__TASK PROMPT__.
From the data below, restate every line word for word.
━━━━━━━━
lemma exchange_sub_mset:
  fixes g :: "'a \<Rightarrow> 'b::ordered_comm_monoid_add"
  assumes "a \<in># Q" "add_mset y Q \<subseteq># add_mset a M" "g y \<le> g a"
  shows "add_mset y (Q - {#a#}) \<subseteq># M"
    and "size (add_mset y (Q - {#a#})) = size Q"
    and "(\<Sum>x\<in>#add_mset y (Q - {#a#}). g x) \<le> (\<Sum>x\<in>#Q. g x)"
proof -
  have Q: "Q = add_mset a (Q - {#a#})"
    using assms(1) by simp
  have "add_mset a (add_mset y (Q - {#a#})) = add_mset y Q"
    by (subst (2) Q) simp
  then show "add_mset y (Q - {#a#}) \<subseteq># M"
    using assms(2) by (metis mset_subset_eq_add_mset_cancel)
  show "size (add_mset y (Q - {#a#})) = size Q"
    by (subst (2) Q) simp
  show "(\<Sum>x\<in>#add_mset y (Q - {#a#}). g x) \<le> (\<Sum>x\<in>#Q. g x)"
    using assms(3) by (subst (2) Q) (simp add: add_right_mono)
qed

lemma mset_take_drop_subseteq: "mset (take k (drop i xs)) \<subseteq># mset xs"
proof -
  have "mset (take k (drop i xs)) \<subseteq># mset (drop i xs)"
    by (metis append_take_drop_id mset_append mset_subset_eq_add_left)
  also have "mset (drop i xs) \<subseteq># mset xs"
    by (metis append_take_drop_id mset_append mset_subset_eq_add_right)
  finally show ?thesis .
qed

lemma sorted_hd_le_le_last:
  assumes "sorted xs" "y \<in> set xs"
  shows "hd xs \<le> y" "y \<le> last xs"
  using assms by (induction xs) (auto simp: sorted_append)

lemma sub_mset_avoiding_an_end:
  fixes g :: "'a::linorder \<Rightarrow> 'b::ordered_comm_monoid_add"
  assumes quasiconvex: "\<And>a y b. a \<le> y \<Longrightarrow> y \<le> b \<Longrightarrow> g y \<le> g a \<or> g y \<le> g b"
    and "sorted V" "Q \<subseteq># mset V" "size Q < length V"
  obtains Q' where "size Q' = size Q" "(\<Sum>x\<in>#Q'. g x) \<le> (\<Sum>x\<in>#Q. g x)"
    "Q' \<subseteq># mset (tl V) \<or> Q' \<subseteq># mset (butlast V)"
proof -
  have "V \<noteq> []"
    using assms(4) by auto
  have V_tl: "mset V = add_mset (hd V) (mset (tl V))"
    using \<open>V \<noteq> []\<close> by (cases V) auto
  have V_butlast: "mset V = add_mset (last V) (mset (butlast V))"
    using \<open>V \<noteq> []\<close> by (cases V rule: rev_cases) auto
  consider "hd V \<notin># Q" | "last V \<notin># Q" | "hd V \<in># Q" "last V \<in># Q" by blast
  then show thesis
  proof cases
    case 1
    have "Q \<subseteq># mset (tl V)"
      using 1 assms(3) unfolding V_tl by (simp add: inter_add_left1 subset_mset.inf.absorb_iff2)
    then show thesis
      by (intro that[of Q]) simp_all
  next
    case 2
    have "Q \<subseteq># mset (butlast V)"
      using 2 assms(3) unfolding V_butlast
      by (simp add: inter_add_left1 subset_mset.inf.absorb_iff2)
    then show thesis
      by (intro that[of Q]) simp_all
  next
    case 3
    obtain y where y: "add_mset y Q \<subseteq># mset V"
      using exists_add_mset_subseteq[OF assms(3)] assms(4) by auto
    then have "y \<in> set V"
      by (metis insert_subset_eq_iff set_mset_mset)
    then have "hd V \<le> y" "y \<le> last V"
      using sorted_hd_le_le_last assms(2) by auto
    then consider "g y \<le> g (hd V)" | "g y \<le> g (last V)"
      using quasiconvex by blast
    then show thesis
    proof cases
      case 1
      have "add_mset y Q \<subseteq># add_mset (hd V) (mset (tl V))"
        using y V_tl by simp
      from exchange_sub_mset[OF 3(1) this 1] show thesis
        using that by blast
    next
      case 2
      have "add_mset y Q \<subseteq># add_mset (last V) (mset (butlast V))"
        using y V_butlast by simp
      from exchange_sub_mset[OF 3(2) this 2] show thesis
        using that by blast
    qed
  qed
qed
━━━━━━━━
__RESPONSE TO THIS TASK__.
lemma exchange_sub_mset:
  fixes g :: "'a \<Rightarrow> 'b::ordered_comm_monoid_add"
  assumes "a \<in># Q" "add_mset y Q \<subseteq># add_mset a M" "g y \<le> g a"
  shows "add_mset y (Q - {#a#}) \<subseteq># M"
    and "size (add_mset y (Q - {#a#})) = size Q"
    and "(\<Sum>x\<in>#add_mset y (Q - {#a#}). g x) \<le> (\<Sum>x\<in>#Q. g x)"
proof -
  have Q: "Q = add_mset a (Q - {#a#})"
    using assms(1) by simp
  have "add_mset a (add_mset y (Q - {#a#})) = add_mset y Q"
    by (subst (2) Q) simp
  then show "add_mset y (Q - {#a#}) \<subseteq># M"
    using assms(2) by (metis mset_subset_eq_add_mset_cancel)
  show "size (add_mset y (Q - {#a#})) = size Q"
    by (subst (2) Q) simp
  show "(\<Sum>x\<in>#add_mset y (Q - {#a#}). g x) \<le> (\<Sum>x\<in>#Q. g x)"
    using assms(3) by (subst (2) Q) (simp add: add_right_mono)
qed

lemma mset_take_drop_subseteq: "mset (take k (drop i xs)) \<subseteq># mset xs"
proof -
  have "mset (take k (drop i xs)) \<subseteq># mset (drop i xs)"
    by (metis append_take_drop_id mset_append mset_subset_eq_add_left)
  also have "mset (drop i xs) \<subseteq># mset xs"
    by (metis append_take_drop_id mset_append mset_subset_eq_add_right)
  finally show ?thesis .
qed

lemma sorted_hd_le_le_last:
  assumes "sorted xs" "y \<in> set xs"
  shows "hd xs \<le> y" "y \<le> last xs"
  using assms by (induction xs) (auto simp: sorted_append)

lemma sub_mset_avoiding_an_end:
  fixes g :: "'a::linorder \<Rightarrow> 'b::ordered_comm_monoid_add"
  assumes quasiconvex: "\<And>a y b. a \<le> y \<Longrightarrow> y \<le> b \<Longrightarrow> g y \<le> g a \<or> g y \<le> g b"
    and "sorted V" "Q \<subseteq># mset V" "size Q < length V"
  obtains Q' where "size Q' = size Q" "(\<Sum>x\<in>#Q'. g x) \<le> (\<Sum>x\<in>#Q. g x)"
    "Q' \<subseteq># mset (tl V) \<or> Q' \<subseteq># mset (butlast V)"
proof -
  have "V \<noteq> []"
    using assms(4) by auto
  have V_tl: "mset V = add_mset (hd V) (mset (tl V))"
    using \<open>V \<noteq> []\<close> by (cases V) auto
  have V_butlast: "mset V = add_mset (last V) (mset (butlast V))"
    using \<open>V \<noteq> []\<close> by (cases V rule: rev_cases) auto
  consider "hd V \<notin># Q" | "last V \<notin># Q" | "hd V \<in># Q" "last V \<in># Q" by blast
  then show thesis
  proof cases
    case 1
    have "Q \<subseteq># mset (tl V)"
      using 1 assms(3) unfolding V_tl by (simp add: inter_add_left1 subset_mset.inf.absorb_iff2)
    then show thesis
      by (intro that[of Q]) simp_all
  next
    case 2
    have "Q \<subseteq># mset (butlast V)"
      using 2 assms(3) unfolding V_butlast
      by (simp add: inter_add_left1 subset_mset.inf.absorb_iff2)
    then show thesis
      by (intro that[of Q]) simp_all
  next
    case 3
    obtain y where y: "add_mset y Q \<subseteq># mset V"
      using exists_add_mset_subseteq[OF assms(3)] assms(4) by auto
    then have "y \<in> set V"
      by (metis insert_subset_eq_iff set_mset_mset)
    then have "hd V \<le> y" "y \<le> last V"
      using sorted_hd_le_le_last assms(2) by auto
    then consider "g y \<le> g (hd V)" | "g y \<le> g (last V)"
      using quasiconvex by blast
    then show thesis
    proof cases
      case 1
      have "add_mset y Q \<subseteq># add_mset (hd V) (mset (tl V))"
        using y V_tl by simp
      from exchange_sub_mset[OF 3(1) this 1] show thesis
        using that by blast
    next
      case 2
      have "add_mset y Q \<subseteq># add_mset (last V) (mset (butlast V))"
        using y V_butlast by simp
      from exchange_sub_mset[OF 3(2) this 2] show thesis
        using that by blast
    qed
  qed
qed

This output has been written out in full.